Would you please copy every line from the records that contains the word "moreover"?

Available data START

(* Let $F$ be an unsatisfiable CNF formula not containing the variables $x$ and $y$, and let $f^x_y(F) = \{x,\ \neg x \vee y\} \cup \{\neg y \vee \delta \mid \delta \in F\}$. Then every minimum-size regular resolution proof of $f^x_y(F)$ contains exactly one resolution step on $x$, and this step can be pushed to the leaf level, i.e., the proof can be transformed, without changing its size, into a regular resolution proof of $f^x_y(F)$ in which the resolution on $x$ is the resolution of the two leaf clauses $x$ and $\neg x \vee y$.
   Context: The resolution rule derives from clauses $\alpha \vee z$ and $\beta \vee \neg z$ the resolvent $\alpha \vee \beta$ (resolving on $z$). A resolution proof of a CNF formula $F$ is a directed acyclic graph whose nodes are clauses, whose leaves are clauses of $F$, in which each internal node is the resolvent of its two parents, and whose root is the empty clause. It is regular if no path from the root to a leaf contains two resolution steps on the same variable. The size of a proof is its number of clauses (nodes); an optimal proof is one of minimum size. *)

theory Defs
  imports Main
begin

datatype 'v lit = Pos 'v | Neg 'v

type_synonym 'v clause = "'v lit set"

definition cnf :: "'v clause set \<Rightarrow> bool" where
  "cnf F \<longleftrightarrow> finite F \<and> (\<forall>C\<in>F. finite C)"

fun lit_sat :: "('v \<Rightarrow> bool) \<Rightarrow> 'v lit \<Rightarrow> bool" where
  "lit_sat \<sigma> (Pos v) = \<sigma> v"
| "lit_sat \<sigma> (Neg v) = (\<not> \<sigma> v)"

definition satisfiable :: "'v clause set \<Rightarrow> bool" where
  "satisfiable F \<longleftrightarrow> (\<exists>\<sigma>. \<forall>C\<in>F. \<exists>l\<in>C. lit_sat \<sigma> l)"

definition occurs :: "'v \<Rightarrow> 'v clause set \<Rightarrow> bool" where
  "occurs v F \<longleftrightarrow> (\<exists>C\<in>F. Pos v \<in> C \<or> Neg v \<in> C)"

definition resolvent :: "'v clause \<Rightarrow> 'v clause \<Rightarrow> 'v \<Rightarrow> 'v clause \<Rightarrow> bool" where
  "resolvent C1 C2 z R \<longleftrightarrow> Pos z \<in> C1 \<and> Neg z \<in> C2 \<and>
     R = (C1 - {Pos z}) \<union> (C2 - {Neg z})"

text \<open>A node is a leaf (\<open>inf n = None\<close>) or an internal node
  (\<open>inf n = Some (a, b, z)\<close>): the resolvent of its parents \<open>a\<close>
  (containing \<open>z\<close>) and \<open>b\<close> (containing \<open>\<not>z\<close>) on the variable \<open>z\<close>.\<close>
record 'v rproof =
  nodes :: "nat set"
  lab :: "nat \<Rightarrow> 'v clause"
  inf :: "nat \<Rightarrow> (nat \<times> nat \<times> 'v) option"
  root :: nat

definition edges :: "'v rproof \<Rightarrow> (nat \<times> nat) set" where
  "edges P = {(a, n). n \<in> nodes P \<and>
      (\<exists>b z. inf P n = Some (a, b, z) \<or> inf P n = Some (b, a, z))}"

definition pivot :: "'v rproof \<Rightarrow> nat \<Rightarrow> 'v option" where
  "pivot P n = (case inf P n of None \<Rightarrow> None | Some (a, b, z) \<Rightarrow> Some z)"

definition res_proof :: "'v clause set \<Rightarrow> 'v rproof \<Rightarrow> bool" where
  "res_proof F P \<longleftrightarrow>
     finite (nodes P) \<and> root P \<in> nodes P \<and> lab P (root P) = {} \<and>
     acyclic (edges P) \<and>
     (\<forall>n\<in>nodes P. (n, root P) \<in> (edges P)\<^sup>*) \<and>
     (\<forall>n\<in>nodes P. case inf P n of
         None \<Rightarrow> lab P n \<in> F
       | Some (a, b, z) \<Rightarrow> a \<in> nodes P \<and> b \<in> nodes P \<and>
                          resolvent (lab P a) (lab P b) z (lab P n))"

definition regular :: "'v rproof \<Rightarrow> bool" where
  "regular P \<longleftrightarrow> (\<forall>m n z. (m, n) \<in> (edges P)\<^sup>+ \<longrightarrow>
       pivot P m = Some z \<longrightarrow> pivot P n \<noteq> Some z)"

definition reg_proof :: "'v clause set \<Rightarrow> 'v rproof \<Rightarrow> bool" where
  "reg_proof F P \<longleftrightarrow> res_proof F P \<and> regular P"

definition psize :: "'v rproof \<Rightarrow> nat" where
  "psize P = card (nodes P)"

definition min_reg_proof :: "'v clause set \<Rightarrow> 'v rproof \<Rightarrow> bool" where
  "min_reg_proof F P \<longleftrightarrow> reg_proof F P \<and> (\<forall>Q. reg_proof F Q \<longrightarrow> psize P \<le> psize Q)"

definition fxy :: "'v \<Rightarrow> 'v \<Rightarrow> 'v clause set \<Rightarrow> 'v clause set" where
  "fxy x y F = {{Pos x}, {Neg x, Pos y}} \<union> {insert (Neg y) \<delta> | \<delta>. \<delta> \<in> F}"

end

theory Submission
  imports Defs
begin

text \<open>In \<open>f\<^sup>x\<^sub>y(F)\<close> the literal \<open>x\<close> occurs only in the unit clause \<open>x\<close>, so every
  resolution on \<open>x\<close> has a leaf \<open>x\<close> as positive premise and merely deletes \<open>\<not>x\<close> from its
  negative premise; and \<open>\<not>x\<close> occurs only in \<open>\<not>x \<or> y\<close>. Hence one may delete all resolutions
  on \<open>x\<close>, all leaves \<open>x\<close> and \<open>\<not>x \<or> y\<close>, and \<open>\<not>x\<close> from every clause, and derive \<open>y\<close> once
  from a single pair of leaves \<open>x\<close>, \<open>\<not>x \<or> y\<close>. Every path of the new DAG that starts at a
  surviving node is a path of the old one, and below the new resolution on \<open>x\<close> there are only
  surviving nodes, which do not resolve on \<open>x\<close>; so the new DAG is regular. It has
  \<open>|P| - |X| - |A| - |B| + 3\<close> nodes, where \<open>X\<close>, \<open>A\<close>, \<open>B\<close> are the sets of resolutions on \<open>x\<close> and
  of the two kinds of leaves. Each of these sets is nonempty (the root is empty, but without a
  resolution on \<open>x\<close> a negative literal would survive), so minimality of \<open>P\<close> forces
  \<open>|X| = |A| = |B| = 1\<close> and equal size.\<close>

lemma pivot_eq_Some_iff: "pivot P n = Some z \<longleftrightarrow> (\<exists>a b. inf P n = Some (a, b, z))"
  unfolding pivot_def by (auto split: option.splits)

lemma inf_Some_edges:
  assumes "n \<in> nodes P" "inf P n = Some (a, b, z)"
  shows "(a, n) \<in> edges P" "(b, n) \<in> edges P"
  using assms unfolding edges_def by auto

lemma edgesE:
  assumes "(u, n) \<in> edges P"
  obtains a b z where "n \<in> nodes P" "inf P n = Some (a, b, z)" "u = a \<or> u = b"
  using assms unfolding edges_def by auto

locale resolution_proof =
  fixes G :: "'v clause set" and P :: "'v rproof"
  assumes res_proof: "res_proof G P"
begin

lemma finite_nodes: "finite (nodes P)"
  and root_in_nodes: "root P \<in> nodes P"
  and root_label: "lab P (root P) = {}"
  and acyclic_edges: "acyclic (edges P)"
  and reaches_root: "n \<in> nodes P \<Longrightarrow> (n, root P) \<in> (edges P)\<^sup>*"
  using res_proof unfolding res_proof_def by simp_all

lemma node_case:
  "n \<in> nodes P \<Longrightarrow> case inf P n of
       None \<Rightarrow> lab P n \<in> G
     | Some (a, b, z) \<Rightarrow> a \<in> nodes P \<and> b \<in> nodes P \<and> resolvent (lab P a) (lab P b) z (lab P n)"
  using res_proof unfolding res_proof_def by blast

lemma leaf_label: "n \<in> nodes P \<Longrightarrow> inf P n = None \<Longrightarrow> lab P n \<in> G"
  using node_case[of n] by simp

lemma resolution_node:
  assumes "n \<in> nodes P" "inf P n = Some (a, b, z)"
  shows "a \<in> nodes P" "b \<in> nodes P" "Pos z \<in> lab P a" "Neg z \<in> lab P b"
    "lab P n = (lab P a - {Pos z}) \<union> (lab P b - {Neg z})"
  using node_case[OF assms(1)] assms(2) unfolding resolvent_def by auto

lemma finite_edges: "finite (edges P)"
proof -
  have "edges P \<subseteq> (\<Union>n\<in>nodes P. {(fst (the (inf P n)), n), (fst (snd (the (inf P n))), n)})"
    unfolding edges_def by auto
  then show ?thesis
    by (rule finite_subset) (use finite_nodes in auto)
qed

lemma wf_edges: "wf (edges P)"
  using finite_acyclic_wf finite_edges acyclic_edges by blast

lemma node_induct [consumes 1, case_names leaf resolution]:
  assumes "n \<in> nodes P"
    and leaf: "\<And>n. n \<in> nodes P \<Longrightarrow> inf P n = None \<Longrightarrow> R n"
    and resolution: "\<And>n a b z. n \<in> nodes P \<Longrightarrow> inf P n = Some (a, b, z) \<Longrightarrow> R a \<Longrightarrow> R b \<Longrightarrow> R n"
  shows "R n"
  using assms(1)
proof (induction n rule: wf_induct_rule[OF wf_edges])
  case (1 n)
  show ?case
  proof (cases "inf P n")
    case None
    then show ?thesis using leaf 1 by blast
  next
    case (Some s)
    then obtain a b z where s: "inf P n = Some (a, b, z)" by (cases s) auto
    note parents = resolution_node[OF "1.prems" s]
    show ?thesis
      using resolution[OF "1.prems" s] "1.IH" inf_Some_edges[OF "1.prems" s] parents(1,2) by blast
  qed
qed

lemma literal_from_leaf:
  "n \<in> nodes P \<Longrightarrow> l \<in> lab P n \<Longrightarrow> \<exists>m\<in>nodes P. inf P m = None \<and> l \<in> lab P m"
proof (induction n rule: node_induct)
  case (resolution n a b z)
  then show ?case using resolution_node[OF resolution.hyps(1,2)] by auto
qed blast

lemma unit_literal_only_at_leaves:
  assumes unit: "\<And>C. C \<in> G \<Longrightarrow> l \<in> C \<Longrightarrow> C = {l}"
  shows "n \<in> nodes P \<Longrightarrow> l \<in> lab P n \<Longrightarrow> inf P n = None \<and> lab P n = {l}"
proof (induction n rule: node_induct)
  case (leaf n)
  then show ?case using unit leaf_label by blast
next
  case (resolution n a b z)
  note res = resolution_node[OF resolution.hyps(1,2)]
  show ?case
    using resolution.prems resolution.IH res(3-5) by auto
qed

text \<open>A resolution on \<open>z \<noteq> x\<close> keeps the negative literals of its positive premise, which is not
  the unit \<open>x\<close>; so without a resolution on \<open>x\<close> every label other than \<open>{x}\<close>, including the empty
  root, would contain a negative literal.\<close>
lemma resolves_on_positive_unit:
  assumes negative: "\<And>C. C \<in> G \<Longrightarrow> C \<noteq> {Pos x} \<Longrightarrow> \<exists>v. Neg v \<in> C"
  shows "\<exists>n\<in>nodes P. pivot P n = Some x"
proof (rule ccontr)
  assume no_x: "\<not> ?thesis"
  have "n \<in> nodes P \<Longrightarrow> lab P n \<noteq> {Pos x} \<Longrightarrow> \<exists>v. Neg v \<in> lab P n" for n
  proof (induction n rule: node_induct)
    case (leaf n)
    then show ?case using negative leaf_label by blast
  next
    case (resolution n a b z)
    note res = resolution_node[OF resolution.hyps(1,2)]
    have "z \<noteq> x" using no_x resolution.hyps(1,2) by (auto simp: pivot_eq_Some_iff)
    then have "lab P a \<noteq> {Pos x}" using res(3) by auto
    then obtain v where "Neg v \<in> lab P a" using resolution.IH(1) by blast
    then show ?case using res(5) by auto
  qed
  then show False using root_in_nodes root_label by auto
qed
definition stalk_iso :: "('m set set \<times> ('r set \<Rightarrow> ('n \<times> 'r) set)) set \<Rightarrow> ('n \<times> 'r) set" where
  "stalk_iso a = snd (SOME x. x \<in> a) \<pp>"

lemma stalk_iso_class:
  assumes "c \<in> germ_reps scM scN P"
  shows "stalk_iso (germ_rel scM scN P `` {c}) = snd c \<pp>"
  unfolding stalk_iso_def
  using germ_rel_equiv assms germ_rel_value_eq by (rule congruent_some_equiv_class)

lemma some_germ_rep: "a \<in> stalk scM scN P \<Longrightarrow> (SOME x. x \<in> a) \<in> germ_reps scM scN P"
  unfolding stalk_def using germ_rel_equiv by (rule some_in_quotient_carrier)

lemma bij_betw_stalk_iso: "bij_betw stalk_iso (stalk scM scN P) (Loc scN \<pp>)"
proof -
  have "bij_betw (\<lambda>a. snd (SOME x. x \<in> a) \<pp>) (stalk scM scN P) ((\<lambda>c. snd c \<pp>) ` germ_reps scM scN P)"
    unfolding stalk_def using germ_rel_equiv
  proof (rule bij_betw_quotient_choice)
    show "(c, d) \<in> germ_rel scM scN P \<longleftrightarrow> snd c \<pp> = snd d \<pp>"
      if "c \<in> germ_reps scM scN P" "d \<in> germ_reps scM scN P" for c d
      using that germ_rel_value_eq germ_rel_of_value_eq[of "fst c" "snd c" "fst d" "snd d"]
      by (metis prod.collapse)
  qed
  then show ?thesis by (simp add: stalk_iso_def[abs_def] germ_values)
qed

lemma stalk_iso_add:
  assumes a: "a \<in> stalk scM scN P" and b: "b \<in> stalk scM scN P"
  shows "stalk_iso (stalk_add scM scN P a b) = loc_add scN \<pp> (stalk_iso a) (stalk_iso b)"
proof -
  obtain U \<gamma> V \<delta> where x: "(SOME x. x \<in> a) = (U, \<gamma>)" and y: "(SOME y. y \<in> b) = (V, \<delta>)"
    by fastforce
  have reps: "(U, \<gamma>) \<in> germ_reps scM scN P" "(V, \<delta>) \<in> germ_reps scM scN P"
    using some_germ_rep[OF a] some_germ_rep[OF b] x y by simp_all
  then have "\<pp> \<in> Supp scM (U \<inter> V)" by (simp add: germ_reps_def colon_mem_Supp)
  moreover have "stalk_iso (stalk_add scM scN P a b) =
      sec_add scM scN (U \<inter> V) (restr scM (U \<inter> V) \<gamma>) (restr scM (U \<inter> V) \<delta>) \<pp>"
    unfolding stalk_add_def x y Let_def using stalk_iso_class[OF germ_reps_add[OF reps]] by simp
  ultimately show ?thesis by (simp add: sec_add_def restr_def stalk_iso_def x y)
qed

lemma stalk_iso_smul:
  assumes a: "a \<in> stalk scM scN P"
  shows "stalk_iso (stalk_smul scM scN P r a) = loc_smul scN \<pp> r (stalk_iso a)"
proof -
  obtain U \<gamma> where x: "(SOME x. x \<in> a) = (U, \<gamma>)" by fastforce
  have rep: "(U, \<gamma>) \<in> germ_reps scM scN P" using some_germ_rep[OF a] x by simp
  then have "\<pp> \<in> Supp scM U" by (simp add: germ_reps_def colon_mem_Supp)
  moreover have "stalk_iso (stalk_smul scM scN P r a) = sec_smul scM scN U r \<gamma> \<pp>"
    unfolding stalk_smul_def x Let_def using stalk_iso_class[OF germ_reps_smul[OF rep]] by simp
  ultimately show ?thesis by (simp add: sec_smul_def stalk_iso_def x)
qed
lemma mem_Rperp_iff:
  fixes X :: "'v dualv list \<Rightarrow> 'k::field"
  assumes lg: "layered_graph V E lev"
  shows "X \<in> Rperp V E lev \<longleftrightarrow> X \<in> tensor2 (Dual ` Vplus V lev) \<and>
    (\<forall>v \<in> Vge V lev 2. \<forall>u \<in> succs E v. \<forall>w \<in> succs E v. X [Dual v, Dual u] = X [Dual v, Dual w])"
    (is "_ \<longleftrightarrow> _ \<and> ?rows_const")
proof
  assume X: "X \<in> Rperp V E lev"
  have "X [Dual v, Dual u] = X [Dual v, Dual w]"
    if vuw: "v \<in> Vge V lev 2" "u \<in> succs E v" "w \<in> succs E v" for v u w
  proof -
    have "pair2 (Vplus V lev) X (\<lambda>x. mon [v, u] x - mon [v, w] x) = 0"
      using X Rrel_generator_mem[OF vuw] unfolding Rperp_def by blast
    then show ?thesis by (simp add: pair2_Rrel_generator[OF lg vuw])
  qed
  with X show "X \<in> tensor2 (Dual ` Vplus V lev) \<and> ?rows_const"
    unfolding Rperp_def by blast
next
  assume X: "X \<in> tensor2 (Dual ` Vplus V lev) \<and> ?rows_const"
  have "pair2 (Vplus V lev) X r = 0" if r_mem: "r \<in> Rrel V E lev" for r
  proof -
    obtain A c where A: "A \<subseteq> {(\<lambda>x. mon [v, u] x - mon [v, w] x) | v u w.
        v \<in> Vge V lev 2 \<and> u \<in> succs E v \<and> w \<in> succs E v}" and r: "r = (\<lambda>w. \<Sum>g\<in>A. c g * g w)"
      using r_mem unfolding Rrel_def lin_span_def mem_Collect_eq by (elim exE conjE) (rule that)
    have "pair2 (Vplus V lev) X g = 0" if g_mem: "g \<in> A" for g
    proof -
      obtain v u w where g: "g = (\<lambda>x. mon [v, u] x - mon [v, w] x)"
        and vuw: "v \<in> Vge V lev 2" "u \<in> succs E v" "w \<in> succs E v"
        using subsetD[OF A g_mem] by blast
      have "X [Dual v, Dual u] = X [Dual v, Dual w]" using X vuw by blast
      then show ?thesis unfolding g by (simp add: pair2_Rrel_generator[OF lg vuw])
    qed
    then show ?thesis unfolding r pair2_lin_comb by simp
  qed
  with X show "X \<in> Rperp V E lev" unfolding Rperp_def by blast
qed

Available data END

*Output of the task*
  moreover have "stalk_iso (stalk_add scM scN P a b) =
  moreover have "stalk_iso (stalk_smul scM scN P r a) = sec_smul scM scN U r \<gamma> \<pp>"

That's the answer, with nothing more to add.